Over all lines in the data below, count those holding "lemma" and give only the result.
####
definition leader_strategy :: "'r set \<Rightarrow> ('r \<Rightarrow> real) \<Rightarrow> bool" where
  "leader_strategy R \<sigma> \<longleftrightarrow> (\<forall>i\<in>R. 0 \<le> \<sigma> i) \<and> (\<forall>i. i \<notin> R \<longrightarrow> \<sigma> i = 0) \<and> (\<Sum>i\<in>R. \<sigma> i) = 1"

definition pure_strategy :: "'r set \<Rightarrow> ('r \<Rightarrow> real) \<Rightarrow> bool" where
  "pure_strategy R \<sigma> \<longleftrightarrow> (\<exists>i\<in>R. \<sigma> i = 1)"

definition followers_config :: "'r set \<Rightarrow> nat \<Rightarrow> ('r \<Rightarrow> nat) \<Rightarrow> bool" where
  "followers_config R n \<nu> \<longleftrightarrow> (\<forall>i. i \<notin> R \<longrightarrow> \<nu> i = 0) \<and> (\<Sum>i\<in>R. \<nu> i) = n"

definition fcost :: "('r \<Rightarrow> real) \<Rightarrow> ('r \<Rightarrow> nat \<Rightarrow> rat) \<Rightarrow> 'r \<Rightarrow> nat \<Rightarrow> real" where
  "fcost \<sigma> cf i x = \<sigma> i * of_rat (cf i (x + 1)) + (1 - \<sigma> i) * of_rat (cf i x)"

definition lcost :: "'r set \<Rightarrow> ('r \<Rightarrow> nat \<Rightarrow> rat) \<Rightarrow> ('r \<Rightarrow> real) \<Rightarrow> ('r \<Rightarrow> nat) \<Rightarrow> real" where
  "lcost R cl \<sigma> \<nu> = (\<Sum>i\<in>R. \<sigma> i * of_rat (cl i (\<nu> i + 1)))"

definition is_NE :: "'r set \<Rightarrow> nat \<Rightarrow> ('r \<Rightarrow> nat \<Rightarrow> rat) \<Rightarrow> ('r \<Rightarrow> real) \<Rightarrow> ('r \<Rightarrow> nat) \<Rightarrow> bool" where
  "is_NE R n cf \<sigma> \<nu> \<longleftrightarrow> followers_config R n \<nu> \<and>
     (\<forall>i\<in>R. \<nu> i > 0 \<longrightarrow> (\<forall>j\<in>R. j \<noteq> i \<longrightarrow> fcost \<sigma> cf i (\<nu> i) \<le> fcost \<sigma> cf j (\<nu> j + 1)))"

definition is_OSE :: "'r set \<Rightarrow> nat \<Rightarrow> ('r \<Rightarrow> nat \<Rightarrow> rat) \<Rightarrow> ('r \<Rightarrow> nat \<Rightarrow> rat) \<Rightarrow> ('r \<Rightarrow> real) \<Rightarrow> ('r \<Rightarrow> nat) \<Rightarrow> bool" where
  "is_OSE R n cl cf \<sigma> \<nu> \<longleftrightarrow> leader_strategy R \<sigma> \<and> is_NE R n cf \<sigma> \<nu> \<and>
     (\<forall>\<sigma>' \<nu>'. leader_strategy R \<sigma>' \<and> is_NE R n cf \<sigma>' \<nu>' \<longrightarrow> lcost R cl \<sigma> \<nu> \<le> lcost R cl \<sigma>' \<nu>')"

definition is_PSE :: "'r set \<Rightarrow> nat \<Rightarrow> ('r \<Rightarrow> nat \<Rightarrow> rat) \<Rightarrow> ('r \<Rightarrow> nat \<Rightarrow> rat) \<Rightarrow> ('r \<Rightarrow> real) \<Rightarrow> ('r \<Rightarrow> nat) \<Rightarrow> bool" where
  "is_PSE R n cl cf \<sigma> \<nu> \<longleftrightarrow> leader_strategy R \<sigma> \<and> is_NE R n cf \<sigma> \<nu> \<and>
     (\<forall>\<nu>'. is_NE R n cf \<sigma> \<nu>' \<longrightarrow> lcost R cl \<sigma> \<nu>' \<le> lcost R cl \<sigma> \<nu>) \<and>
     (\<forall>\<sigma>'. leader_strategy R \<sigma>' \<longrightarrow> (\<exists>\<nu>'. is_NE R n cf \<sigma>' \<nu>' \<and> lcost R cl \<sigma> \<nu> \<le> lcost R cl \<sigma>' \<nu>'))"

definition weakly_monotonic :: "(nat \<Rightarrow> rat) \<Rightarrow> bool" where
  "weakly_monotonic c \<longleftrightarrow> (\<forall>x. c x \<le> c (x + 1))"

text \<open>The two example games. Resources r1 = 0, r2 = 1 (type nat); one follower.
  Only the values at loads 0,1,2 matter (one leader, one follower); beyond
  load 2 the costs are extended constantly.\<close>

definition ex_R :: "nat set" where "ex_R = {0, 1}"
lemma opt_strategy_Open:
  assumes "opt_strategy n h = Open i"
  shows "i \<in> unopened n h"
    and "search_value (unopened n h) (max_reward w h) = continuation_value (unopened n h) (max_reward w h) i"
proof -
  define R where "R = unopened n h"
  define C where "C = continuation_value R (max_reward w h)"
  have fin: "finite R" unfolding R_def by auto
  have cond: "R \<noteq> {}" "max_reward w h \<le> Max (C ` R)"
   and i: "i = (LEAST i. i \<in> R \<and> C i = Max (C ` R))"
    using assms unfolding opt_strategy_def R_def C_def Let_def by (auto split: if_splits)
  have "\<exists>i. i \<in> R \<and> C i = Max (C ` R)"
    using Max_in[of "C ` R"] fin cond by fastforce
  then have iR: "i \<in> R" and Ci: "C i = Max (C ` R)"
    unfolding i by (rule LeastI2_ex, blast)+
  show "i \<in> unopened n h" using iR unfolding R_def .
  have "search_value R (max_reward w h) = max (max_reward w h) (Max (C ` R))"
    using fin cond by (simp add: search_value_rec C_def)
  also have "\<dots> = C i" using cond Ci by simp
  finally show "search_value (unopened n h) (max_reward w h) = continuation_value (unopened n h) (max_reward w h) i"
    unfolding R_def C_def .
qed

lemma opt_strategy_Present:
  assumes "opt_strategy n h = Present p"
  shows "p = best_prize w h"
    and "j \<in> unopened n h \<Longrightarrow> continuation_value (unopened n h) (max_reward w h) j < max_reward w h"
    and "search_value (unopened n h) (max_reward w h) = max_reward w h"
proof -
  define R where "R = unopened n h"
  define C where "C = continuation_value R (max_reward w h)"
  have fin: "finite R" unfolding R_def by auto
  have stop: "R = {} \<or> Max (C ` R) < max_reward w h" and "p = best_prize w h"
    using assms unfolding opt_strategy_def R_def C_def Let_def by (auto split: if_splits)
  then show "p = best_prize w h" by simp
  show "continuation_value (unopened n h) (max_reward w h) j < max_reward w h"
    if "j \<in> unopened n h"
  proof -
    have "C j \<le> Max (C ` R)" using fin that unfolding R_def by (intro Max_ge) auto
    moreover have "R \<noteq> {}" using that unfolding R_def by auto
    ultimately have "C j < max_reward w h" using stop by auto
    then show ?thesis unfolding C_def R_def .
  qed
  have "search_value R (max_reward w h) = Max (insert (max_reward w h) (C ` R))"
    using search_value_rec[OF fin] unfolding C_def .
  also have "\<dots> = max_reward w h"
  proof (cases "R = {}")
    case False
    with stop have "Max (C ` R) < max_reward w h" by simp
    then show ?thesis using fin False by (simp add: Max_insert)
  qed simp
  finally show "search_value (unopened n h) (max_reward w h) = max_reward w h"
    unfolding R_def .
qed

lemma valid_opt_strategy: "valid_strategy n (opt_strategy n)"
  unfolding valid_strategy_def
proof (intro allI conjI impI)
  fix h i assume "opt_strategy n h = Open i"
  from opt_strategy_Open(1)[OF this] show "i \<le> n" "i \<notin> fst ` set h" by simp_all
next
  fix h p assume "opt_strategy n h = Present p"
  from opt_strategy_Present(1)[OF this] best_prize_mem[of w h] show "p = 0 \<or> p \<in> snd ` set h"
    by simp
qed

lemma agent_payoff_opt_strategy:
  "card (unopened n h) < k \<Longrightarrow>
    integrable (PiM (unopened n h) F) (\<lambda>y. agent_payoff w c (run (opt_strategy n) y k h)) \<Longrightarrow>
    (\<integral>y. agent_payoff w c (run (opt_strategy n) y k h) \<partial>PiM (unopened n h) F)
      = search_value (unopened n h) (max_reward w h) - (\<Sum>j\<in>fst ` set h. c j)"
proof (induction k arbitrary: h)
  case (Suc k)
  interpret P: prob_space "PiM (unopened n h) F" by (rule prob_space_PiM_F)
  let ?m = "max_reward w h" and ?C = "\<Sum>j\<in>fst ` set h. c j"
  show ?case
  proof (cases "opt_strategy n h")
    case (Present p)
    with opt_strategy_Present[OF Present] show ?thesis
      by (simp add: agent_payoff_def P.prob_space reward_best_prize)
  next
    case (Open i)
    note S = run_Open_fibers[OF valid_opt_strategy Open Suc.prems(2)]
    have inh: "i \<notin> fst ` set h" using S(1) by auto
    have "AE t in F i. (\<integral>y. agent_payoff w c (run (opt_strategy n) y k (h @ [(i,t)])) \<partial>PiM (unopened n h - {i}) F)
        = search_value (unopened n h - {i}) (max ?m (w t)) - (?C + c i)"
      using S(2)
    proof eventually_elim
      case (elim t)
      with Suc.IH[of "h @ [(i,t)]"] card_unopened_snoc[OF S(1) Suc.prems(1)]
      show ?case unfolding unopened_snoc max_reward_snoc sum_opened_snoc[OF inh] by simp
    qed
    then have "(\<integral>y. agent_payoff w c (run (opt_strategy n) y (Suc k) h) \<partial>PiM (unopened n h) F)
        = (\<integral>t. search_value (unopened n h - {i}) (max ?m (w t)) - (?C + c i) \<partial>F i)"
      unfolding S(4)
      by (rule integral_cong_AE[OF borel_measurable_integrable[OF S(3)]
            borel_measurable_integrable[OF integrable_search_value_diff[OF finite_unopened]]])
    also have "\<dots> = continuation_value (unopened n h) ?m i - ?C"
      by (simp add: integral_search_value_diff)
    also have "continuation_value (unopened n h) ?m i = search_value (unopened n h) ?m"
      using opt_strategy_Open(2)[OF Open] by simp
    finally show ?thesis .
  qed
qed simp

end

definition history_of :: "nat list \<Rightarrow> (nat \<Rightarrow> real) \<Rightarrow> history" where
  "history_of L y = map (\<lambda>j. (j, y j)) L"

fun action_index :: "action \<Rightarrow> nat option" where
  "action_index (Open i) = Some i"
| "action_index (Present p) = None"

fun action_prize :: "action \<Rightarrow> real" where
  "action_prize (Open i) = 0"
| "action_prize (Present p) = p"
####
- **YOUR SOLUTION**: 4